Square dance music was traditionally played on acoustic instruments, and in many places it still is. The fiddle is the most common lead instrument; other lead instruments, and instruments that carry the rhythm and harmony, vary by region. In areas that were settled by Europeans relatively early, such as New England and eastern Canada, the piano is the mainstay of square dance rhythm and chording. In the Southern United States and along the path of westward expansion, instruments like the banjo and guitar, which are more portable and easier to make and repair than the piano, were and are more common. The double bass has long been popular as a supplement to the rhythm section. Certain instruments are popular in specific regions; examples include the accordion in Quebec and Newfoundland and the hammered dulcimer in Michigan and Upstate New York. In some communities where square dancing has survived, the prevailing form of music has become popular songs from the 1930s, 1940s and 1950s, played on instruments such as saxophones, drums, and electric guitars.

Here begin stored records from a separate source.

(* Let $Y$ be an Abelian group, let $\varphi_1,\dots,\varphi_m$ and $\psi_1,\dots,\psi_n$ be functions on $Y$, let $a_1,\dots,a_m,b_1,\dots,b_m,c_1,\dots,c_n,d_1,\dots,d_n$ be integers, and let $q(u,v)$ be a continuous polynomial of degree $l$ on $Y^2$, such that $$\sum_{j=1}^m\varphi_j(a_ju+b_jv)=\sum_{j=1}^n\psi_j(c_ju+d_jv)+q(u,v),\quad u,v\in Y.$$ Then for each $j\in\{1,\dots,m\}$, for all $u,v,h,k,k_1,\dots,k_n\in Y$ and all $l_i\in Y$ ($i\in\{1,\dots,m\}\setminus\{j\}$), $$\Big[\Delta_{a_jh+b_jk}^{l+1}\prod_{i\in\{1,\dots,m\},\,i\neq j}\Delta_{(a_jb_i-b_ja_i)l_i}\prod_{s=1}^n\Delta_{(a_jd_s-b_jc_s)k_s}\varphi_j\Big](a_ju+b_jv)=0,$$ where the product denotes composition of the (commuting) difference operators. Moreover, if $q\equiv 0$, the same holds with the operator $\Delta_{a_jh+b_jk}^{l+1}$ omitted.
   Context: For a function $f$ on an Abelian group $G$ and $h\in G$, $\Delta_hf(y)=f(y+h)-f(y)$. A function $f$ on $G$ is a polynomial if $\Delta_h^{l+1}f(y)=0$ for some $l$ and all $y,h\in G$; the minimal such $l$ is its degree. *)

theory Defs
  imports "HOL-Analysis.Analysis"
begin

definition zmult :: "int \<Rightarrow> 'a::ab_group_add \<Rightarrow> 'a" where
  "zmult k y = (if 0 \<le> k then (\<Sum>_<nat k. y) else - (\<Sum>_<nat (- k). y))"

definition Delta :: "'a::ab_group_add \<Rightarrow> ('a \<Rightarrow> 'b::ab_group_add) \<Rightarrow> 'a \<Rightarrow> 'b" where
  "Delta h f = (\<lambda>y. f (y + h) - f y)"

definition Deltas :: "'a::ab_group_add list \<Rightarrow> ('a \<Rightarrow> 'b::ab_group_add) \<Rightarrow> 'a \<Rightarrow> 'b" where
  "Deltas hs f = foldr Delta hs f"

definition poly_le :: "('a::ab_group_add \<Rightarrow> 'b::ab_group_add) \<Rightarrow> nat \<Rightarrow> bool" where
  "poly_le f l \<longleftrightarrow> (\<forall>y h. (Delta h ^^ (Suc l)) f y = 0)"

definition poly_degree :: "('a::ab_group_add \<Rightarrow> 'b::ab_group_add) \<Rightarrow> nat \<Rightarrow> bool" where
  "poly_degree f l \<longleftrightarrow> poly_le f l \<and> (\<forall>l'<l. \<not> poly_le f l')"

end

theory Submission
  imports Defs
begin

(* Write L_i(u,v) = a_i u + b_i v and M_s(u,v) = c_s u + d_s v; these are additive maps Y^2 -> Y.
   The shift (b_i l_i, -a_i l_i) lies in the kernel of L_i, so the difference operator along it
   annihilates phi_i o L_i; likewise (d_s k_s, -c_s k_s) annihilates psi_s o M_s, and the
   (l+1)-fold difference along (h,k) annihilates q. Applying all these operators to both sides
   of the functional equation leaves only the term phi_j o L_j, and a difference of phi_j o L_j
   along a shift e is the difference of phi_j along L_j e. Finally L_j maps the two kinds of
   shifts to (a_j b_i - b_j a_i) l_i and (a_j d_s - b_j c_s) k_s. *)

lemma zmult_zero_left [simp]: "zmult 0 y = 0"
  by (simp add: zmult_def)

lemma zmult_one_left [simp]: "zmult 1 y = y"
  by (simp add: zmult_def)

lemma zmult_minus_left: "zmult (- k) y = - zmult k y"
  by (simp add: zmult_def)

lemma zmult_add_one: "zmult (k + 1) y = zmult k y + (y::'a::ab_group_add)"
proof (cases "0 \<le> k")
  case True
  then have "nat (k + 1) = Suc (nat k)" by simp
  with True show ?thesis by (simp add: zmult_def add.commute)
next
  case False
  then consider "k = -1" | "nat (- k) = Suc (nat (- (k + 1)))" "k + 1 < 0" by linarith
  then show ?thesis
    by cases (use False in \<open>simp_all add: zmult_def algebra_simps\<close>)
qed

lemma zmult_diff_one: "zmult (k - 1) y = zmult k y - (y::'a::ab_group_add)"
  using zmult_add_one[of "k - 1" y] by simp

lemma zmult_add_left: "zmult (k + k') y = zmult k y + zmult k' (y::'a::ab_group_add)"
proof (induction k' rule: int_induct[where k = 0])
  case (step1 i)
  then show ?case by (simp add: zmult_add_one flip: add.assoc)
next
  case (step2 i)
  have "zmult (k + (i - 1)) y = zmult (k + i) y - y"
    by (metis add_diff_eq zmult_diff_one)
  with step2 show ?case by (simp add: zmult_diff_one)
qed simp

lemma zmult_diff_left: "zmult (k - k') y = zmult k y - zmult k' (y::'a::ab_group_add)"
  using zmult_add_left[of k "- k'" y] by (simp add: zmult_minus_left)

lemma zmult_add_right: "zmult k (x + y) = zmult k x + zmult k (y::'a::ab_group_add)"
  by (induction k rule: int_induct[where k = 0])
    (simp_all add: zmult_add_one zmult_diff_one algebra_simps)

lemma zmult_mult: "zmult (k * k') y = zmult k (zmult k' (y::'a::ab_group_add))"
proof (induction k rule: int_induct[where k = 0])
  case (step1 i)
  then show ?case by (simp add: distrib_right zmult_add_left zmult_add_one)
next
  case (step2 i)
  then show ?case by (simp add: left_diff_distrib zmult_diff_left zmult_diff_one)
qed simp

interpretation zmult: module "zmult :: int \<Rightarrow> 'a::ab_group_add \<Rightarrow> 'a"
  by standard (simp_all add: zmult_add_left zmult_add_right zmult_mult)

definition zlin :: "int \<Rightarrow> int \<Rightarrow> 'a \<times> 'a \<Rightarrow> 'a::ab_group_add" where
  "zlin a b p = zmult a (fst p) + zmult b (snd p)"

lemma additive_zlin: "Modules.additive (zlin a b)"
  by standard (simp add: zlin_def zmult.scale_right_distrib algebra_simps)

lemma zlin_cross: "zlin a' b' (zmult b y, - zmult a y) = zmult (a' * b - b' * a) y"
  by (simp add: zlin_def zmult.scale_left_diff_distrib)

lemma Deltas_Nil [simp]: "Deltas [] f = f"
  by (simp add: Deltas_def)

lemma Deltas_Cons [simp]: "Deltas (h # hs) f = Delta h (Deltas hs f)"
  by (simp add: Deltas_def)

lemma Deltas_append: "Deltas (hs @ hs') f = Deltas hs (Deltas hs' f)"
  by (simp add: Deltas_def)

lemma Deltas_replicate: "Deltas (replicate n h) f = (Delta h ^^ n) f"
  by (induction n) simp_all

lemma Delta_commute: "Delta h (Delta h' f) = Delta h' (Delta h f)"
  by (simp add: Delta_def algebra_simps)

lemma Delta_Deltas_commute: "Delta h (Deltas hs f) = Deltas hs (Delta h f)"
  by (induction hs) (simp_all add: Delta_commute)

lemma Deltas_commute: "Deltas hs (Deltas hs' f) = Deltas hs' (Deltas hs f)"
  by (induction hs) (simp_all add: Delta_Deltas_commute)

lemma Deltas_zero [simp]: "Deltas hs (\<lambda>_. 0) = (\<lambda>_. 0)"
  by (induction hs) (simp_all add: Delta_def)

lemma Deltas_eq_0_if_zero_shift: "0 \<in> set hs \<Longrightarrow> Deltas hs f = (\<lambda>_. 0)"
  by (induction hs) (auto simp: Delta_def)

lemma Deltas_add: "Deltas hs (\<lambda>p. f p + g p) = (\<lambda>p. Deltas hs f p + Deltas hs g p)"
  by (induction hs) (simp_all add: Delta_def algebra_simps)

lemma Deltas_sum: "Deltas hs (\<lambda>p. \<Sum>i\<in>I. f i p) = (\<lambda>p. \<Sum>i\<in>I. Deltas hs (f i) p)"
  by (induction hs) (simp_all add: Delta_def sum_subtractf)

lemma Deltas_comp_additive:
  assumes "Modules.additive L"
  shows "Deltas hs (\<lambda>p. f (L p)) = (\<lambda>p. Deltas (map L hs) f (L p))"
  by (induction hs) (simp_all add: Delta_def additive.add[OF assms])

lemma Deltas_comp_additive_eq_0:
  assumes "Modules.additive L" and "h \<in> set hs" and "L h = 0"
  shows "Deltas hs (\<lambda>p. f (L p)) = (\<lambda>_. 0)"
proof -
  have "0 \<in> set (map L hs)"
    using assms(2,3) by (metis image_eqI list.set_map)
  then show ?thesis
    by (simp add: Deltas_comp_additive[OF assms(1)] Deltas_eq_0_if_zero_shift)
qed

lemma Deltas_sum_comp_additive_eq_0:
  assumes "\<And>i. i \<in> I \<Longrightarrow> Modules.additive (L i)" and "\<And>i. i \<in> I \<Longrightarrow> \<exists>h\<in>set hs. L i h = 0"
  shows "Deltas hs (\<lambda>p. \<Sum>i\<in>I. f i (L i p)) = (\<lambda>_. 0)"
proof -
  have "Deltas hs (\<lambda>p. f i (L i p)) = (\<lambda>_. 0)" if "i \<in> I" for i
    using assms that Deltas_comp_additive_eq_0 by metis
  then show ?thesis
    by (simp add: Deltas_sum)
qed

lemma Deltas_sum_comp_additive_single:
  assumes "finite I" and "j \<in> I" and "\<And>i. i \<in> I \<Longrightarrow> Modules.additive (L i)"
    and "\<And>i. i \<in> I - {j} \<Longrightarrow> \<exists>h\<in>set hs. L i h = 0"
  shows "Deltas hs (\<lambda>p. \<Sum>i\<in>I. f i (L i p)) p = Deltas (map (L j) hs) (f j) (L j p)"
proof -
  have "(\<lambda>p. \<Sum>i\<in>I. f i (L i p)) = (\<lambda>p. f j (L j p) + (\<Sum>i\<in>I - {j}. f i (L i p)))"
    using assms(1,2) by (simp add: sum.remove)
  then have "Deltas hs (\<lambda>p. \<Sum>i\<in>I. f i (L i p)) p
      = Deltas hs (\<lambda>p. f j (L j p)) p + Deltas hs (\<lambda>p. \<Sum>i\<in>I - {j}. f i (L i p)) p"
    by (simp add: Deltas_add)
  also have "Deltas hs (\<lambda>p. \<Sum>i\<in>I - {j}. f i (L i p)) = (\<lambda>_. 0)"
    using assms(3,4) by (intro Deltas_sum_comp_additive_eq_0) auto
  finally show ?thesis
    by (simp add: Deltas_comp_additive assms(2,3))
qed

lemma functional_equation_component_annihilated:
  fixes \<phi> \<psi> :: "nat \<Rightarrow> 'a::ab_group_add \<Rightarrow> 'b::ab_group_add" and q :: "'a \<times> 'a \<Rightarrow> 'b"
  assumes eq: "\<And>u v. (\<Sum>j=1..m. \<phi> j (zmult (a j) u + zmult (b j) v))
               = (\<Sum>j=1..n. \<psi> j (zmult (c j) u + zmult (d j) v)) + q (u, v)"
    and j: "j \<in> {1..m}"
    and q_annihilated: "(Delta (h, k) ^^ r) q = (\<lambda>_. 0)"
  shows "(Delta (zmult (a j) h + zmult (b j) k) ^^ r)
           (Deltas (map (\<lambda>i. zmult (a j * b i - b j * a i) (ls i)) (filter (\<lambda>i. i \<noteq> j) [1..<Suc m])
                    @ map (\<lambda>s. zmult (a j * d s - b j * c s) (ks s)) [1..<Suc n])
             (\<phi> j))
           (zmult (a j) u + zmult (b j) v) = 0"
proof -
  let ?L = "\<lambda>i. zlin (a i) (b i)" and ?M = "\<lambda>s. zlin (c s) (d s)"
  define H where "H = map (\<lambda>i. (zmult (b i) (ls i), - zmult (a i) (ls i))) (filter (\<lambda>i. i \<noteq> j) [1..<Suc m])
    @ map (\<lambda>s. (zmult (d s) (ks s), - zmult (c s) (ks s))) [1..<Suc n]"
  define hs where "hs = replicate r (h, k) @ H"
  have "(\<lambda>p. \<Sum>i\<in>{1..m}. \<phi> i (?L i p)) = (\<lambda>p. (\<Sum>s\<in>{1..n}. \<psi> s (?M s p)) + q p)"
    by (simp add: fun_eq_iff zlin_def eq del: One_nat_def)
  then have "Deltas hs (\<lambda>p. \<Sum>i\<in>{1..m}. \<phi> i (?L i p)) (u, v)
      = Deltas hs (\<lambda>p. \<Sum>s\<in>{1..n}. \<psi> s (?M s p)) (u, v) + Deltas hs q (u, v)"
    by (simp add: Deltas_add)
  also have "Deltas hs (\<lambda>p. \<Sum>s\<in>{1..n}. \<psi> s (?M s p)) = (\<lambda>_. 0)"
  proof (rule Deltas_sum_comp_additive_eq_0[where L = ?M])
    fix s assume "s \<in> {1..n}"
    then show "\<exists>h\<in>set hs. ?M s h = 0"
      by (intro bexI[of _ "(zmult (d s) (ks s), - zmult (c s) (ks s))"])
        (auto simp: hs_def H_def zlin_cross simp del: upt_Suc)
  qed (rule additive_zlin)
  also have "Deltas hs q = Deltas H ((Delta (h, k) ^^ r) q)"
    by (metis hs_def Deltas_append Deltas_commute Deltas_replicate)
  also have "Deltas hs (\<lambda>p. \<Sum>i\<in>{1..m}. \<phi> i (?L i p)) (u, v) = Deltas (map (?L j) hs) (\<phi> j) (?L j (u, v))"
  proof (rule Deltas_sum_comp_additive_single[where L = ?L])
    fix i assume "i \<in> {1..m} - {j}"
    then show "\<exists>h\<in>set hs. ?L i h = 0"
      by (intro bexI[of _ "(zmult (b i) (ls i), - zmult (a i) (ls i))"])
        (auto simp: hs_def H_def zlin_cross simp del: upt_Suc)
  qed (use j additive_zlin in auto)
  finally have "Deltas (map (?L j) hs) (\<phi> j) (?L j (u, v)) = 0"
    by (simp add: q_annihilated)
  moreover have "map (?L j) H = map (\<lambda>i. zmult (a j * b i - b j * a i) (ls i)) (filter (\<lambda>i. i \<noteq> j) [1..<Suc m])
                    @ map (\<lambda>s. zmult (a j * d s - b j * c s) (ks s)) [1..<Suc n]"
    by (simp add: H_def zlin_cross del: upt_Suc)
  ultimately show ?thesis
    by (simp add: hs_def zlin_def Deltas_append Deltas_replicate del: upt_Suc)
qed

theorem lemma4:
  fixes \<phi> :: "nat \<Rightarrow> 'a::{ab_group_add,topological_space} \<Rightarrow> complex"
    and \<psi> :: "nat \<Rightarrow> 'a \<Rightarrow> complex"
    and a b c d :: "nat \<Rightarrow> int"
    and q :: "'a \<times> 'a \<Rightarrow> complex"
    and m n l :: nat
  assumes q_cont: "continuous_on UNIV q"
    and q_poly: "poly_degree q l"
    and eq: "\<And>u v. (\<Sum>j=1..m. \<phi> j (zmult (a j) u + zmult (b j) v))
               = (\<Sum>j=1..n. \<psi> j (zmult (c j) u + zmult (d j) v)) + q (u, v)"
  shows "(\<forall>j\<in>{1..m}. \<forall>u v h k. \<forall>ls ks :: nat \<Rightarrow> 'a.
            (Delta (zmult (a j) h + zmult (b j) k) ^^ Suc l)
              (Deltas (map (\<lambda>i. zmult (a j * b i - b j * a i) (ls i)) (filter (\<lambda>i. i \<noteq> j) [1..<Suc m])
                       @ map (\<lambda>s. zmult (a j * d s - b j * c s) (ks s)) [1..<Suc n])
                 (\<phi> j))
              (zmult (a j) u + zmult (b j) v) = 0)
       \<and> (q = (\<lambda>_. 0) \<longrightarrow>
          (\<forall>j\<in>{1..m}. \<forall>u v. \<forall>ls ks :: nat \<Rightarrow> 'a.
            Deltas (map (\<lambda>i. zmult (a j * b i - b j * a i) (ls i)) (filter (\<lambda>i. i \<noteq> j) [1..<Suc m])
                    @ map (\<lambda>s. zmult (a j * d s - b j * c s) (ks s)) [1..<Suc n])
              (\<phi> j) (zmult (a j) u + zmult (b j) v) = 0))"
proof -
  note annihilated = functional_equation_component_annihilated[where \<phi> = \<phi> and \<psi> = \<psi>, OF eq]
  have "(Delta e ^^ Suc l) q = (\<lambda>_. 0)" for e
    using q_poly unfolding poly_degree_def poly_le_def fun_eq_iff by blast
  moreover have "(Delta e ^^ 0) q = (\<lambda>_. 0)" if "q = (\<lambda>_. 0)" for e
    using that by simp
  ultimately show ?thesis
    by (intro conjI impI ballI allI annihilated[where r = "Suc l"] annihilated[where r = 0, unfolded funpow_0])
qed

end
(* Let $k\ge1$ and let $G_{k+1}=H_1\star_{C_1}H_2\star_{C_2}\cdots H_k\star_{C_k}H_{k+1}$ be an iterated amalgamated free product, where each $C_i$ embeds in $H_i$ and in $H_{i+1}$. Suppose for some $2\le n\le\infty$ the image of each $C_i$ in $H_i$ and in $H_{i+1}$ is $n$-RF (i.e. the pairs $(H_i,C_i)$ and $(H_{i+1},C_i)$ are $n$-RF). Then the subgroups $G_k=H_1\star_{C_1}\cdots H_k$ and $H_{k+1}$ are both $n$-RF in $G_{k+1}$, i.e. $(G_{k+1},G_k)$ and $(G_{k+1},H_{k+1})$ are $n$-RF.
   Context: For a group $G$, subgroup $D$, and $2\le n\le\infty$: $a\in G\setminus D$ is $n$-RF rel $D$ if $a^{e_1}d_1\cdots a^{e_k}d_k\ne\mathrm{id}$ for all $k\ge1$, $e_i\in\{\pm1\}$, $d_i\in D$ such that $d_i\ne\mathrm{id}$ whenever $e_i=-e_{i+1}$ (indices mod $k$), and fewer than $n$ of the $e_i$ are $+1$ and fewer than $n$ are $-1$. The pair $(G,D)$ is $n$-RF if every element of $G\setminus D$ is $n$-RF rel $D$. *)

theory Defs
  imports "HOL-Algebra.Algebra" "HOL-Library.Extended_Nat"
begin

definition rf_word_prod :: "('a, 'b) monoid_scheme \<Rightarrow> 'a \<Rightarrow> (bool \<times> 'a) list \<Rightarrow> 'a" where
  "rf_word_prod G a ws =
     foldr (\<lambda>(e, d) x. ((if e then a else inv\<^bsub>G\<^esub> a) \<otimes>\<^bsub>G\<^esub> d) \<otimes>\<^bsub>G\<^esub> x) ws \<one>\<^bsub>G\<^esub>"

definition n_RF_rel :: "('a, 'b) monoid_scheme \<Rightarrow> 'a set \<Rightarrow> enat \<Rightarrow> 'a \<Rightarrow> bool" where
  "n_RF_rel G D n a \<longleftrightarrow>
     a \<in> carrier G - D \<and>
     (\<forall>ws. ws \<noteq> [] \<longrightarrow> snd ` set ws \<subseteq> D \<longrightarrow>
        (\<forall>i < length ws. fst (ws ! i) \<noteq> fst (ws ! ((i + 1) mod length ws)) \<longrightarrow> snd (ws ! i) \<noteq> \<one>\<^bsub>G\<^esub>) \<longrightarrow>
        enat (length (filter fst ws)) < n \<longrightarrow>
        enat (length (filter (\<lambda>w. \<not> fst w) ws)) < n \<longrightarrow>
        rf_word_prod G a ws \<noteq> \<one>\<^bsub>G\<^esub>)"

definition n_RF_pair :: "('a, 'b) monoid_scheme \<Rightarrow> 'a set \<Rightarrow> enat \<Rightarrow> bool" where
  "n_RF_pair G D n \<longleftrightarrow> (\<forall>a \<in> carrier G - D. n_RF_rel G D n a)"

text \<open>Internal amalgamated free product: the subgroup P of G is A *_C B, i.e. P is generated by
  A \<union> B, C \<subseteq> A \<inter> B, and the natural map A *_C B \<rightarrow> P is injective, i.e. every
  alternating product of length \<ge> 2 of elements alternately from A - C and B - C is nontrivial.\<close>

definition is_internal_amalgam :: "('a, 'b) monoid_scheme \<Rightarrow> 'a set \<Rightarrow> 'a set \<Rightarrow> 'a set \<Rightarrow> 'a set \<Rightarrow> bool" where
  "is_internal_amalgam G P A B C \<longleftrightarrow>
     subgroup P G \<and> subgroup A G \<and> subgroup B G \<and> subgroup C G \<and>
     C \<subseteq> A \<and> C \<subseteq> B \<and> generate G (A \<union> B) = P \<and>
     (\<forall>xs (s::nat). 2 \<le> length xs \<longrightarrow>
        (\<forall>i < length xs. xs ! i \<in> (if even (i + s) then A - C else B - C)) \<longrightarrow>
        foldr (\<otimes>\<^bsub>G\<^esub>) xs \<one>\<^bsub>G\<^esub> \<noteq> \<one>\<^bsub>G\<^esub>)"

end

theory Submission
  imports Defs
begin

text \<open>
  Let g \<in> A *_C B lie outside A. Its normal form can be written g = l \<alpha> \<sigma> \<beta> r with l, r \<in> A,
  where \<alpha> \<sigma> \<beta> is a reduced word that begins and ends outside A and |\<alpha>| = |\<beta>|. Then
  g^e = P(e) \<sigma>^e Q(e) with P(e) = Q(-e)^-1, so for a test word w with coefficients d_i \<in> A the
  value w(g) is conjugate to w'(\<sigma>), where w' has the same signs and the coefficients
  Q(e_i) d_i P(e_i+1). Because |\<alpha>| = |\<beta>|, each of these lies in C or has a reduced form that begins
  and ends in the factor not containing \<sigma>. If all coefficients lie in C, then w'(\<sigma>) \<noteq> 1 since \<sigma>
  is n-RF relative to C in its own factor. Otherwise, after a rotation, each maximal stretch
  \<sigma>^e c ... c \<sigma>^e' with coefficients in C multiplies to an element of the factor of \<sigma> outside C
  (again because \<sigma> is n-RF), so w'(\<sigma>) is a nonempty reduced word and hence nontrivial. The
  iterated statement follows by induction along the chain, since n-RF pairs compose along
  C \<subseteq> H \<subseteq> P.
\<close>

section \<open>Reduced words in an amalgamated product\<close>

definition list_prod :: "('a, 'b) monoid_scheme \<Rightarrow> 'a list \<Rightarrow> 'a" where
  "list_prod G xs = foldr (\<otimes>\<^bsub>G\<^esub>) xs \<one>\<^bsub>G\<^esub>"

The tempo of traditional square dance music can vary widely, depending on the regional style. New England has some of the slowest tempos, from around 108 to 124 bpm. Southern Appalachian tempos are among the fastest, at 130 to 150 bpm. Most other regions fall between those extremes.

Many traditional dance tunes retain the binary form of classical dance, following an "AABB" pattern of two distinct strains played twice each, the "A part" and "B part" typically being 8 measures (16 downbeats) in length, making one playing of the tune 32 measures (64 downbeats). In a few tunes the A and B parts are half the normal length; in others, particularly those derived from marches or rags, one or more parts are twice the normal length. Practice varies among fiddlers as to whether to repeat the parts of such non-standard tunes.

In some areas, notably Quebec and parts of the southern and southwestern United States, there is a strong tradition of playing "crooked" tunes — tunes in which at least one part has more or fewer beats than the norm. Because callers in those areas do not synchronize their calls with the phrases of the music, crooked tunes do not bother them. In regions where the callers and dancers are used to staying "on phrase" (as in a contra dance), crooked tunes are not used for square dancing.

In the northeastern United States, traditional square dances are frequently done to popular songs in addition to, or instead of, jigs and reels. Where this is done, the caller typically sings the calls, substituting dance directions for some of the words of the song but reverting to the original lyrics for the last few measures of each chorus, often encouraging the dancers to sing along. Singing callers normally choose songs that are similar in structure to fiddle tunes—the same number of measures, played at a similar tempo. There are exceptions, however: a waltz such as "Take Me Out to the Ball Game" may be sped up from its original 3/4 time to a fast 6/8 time.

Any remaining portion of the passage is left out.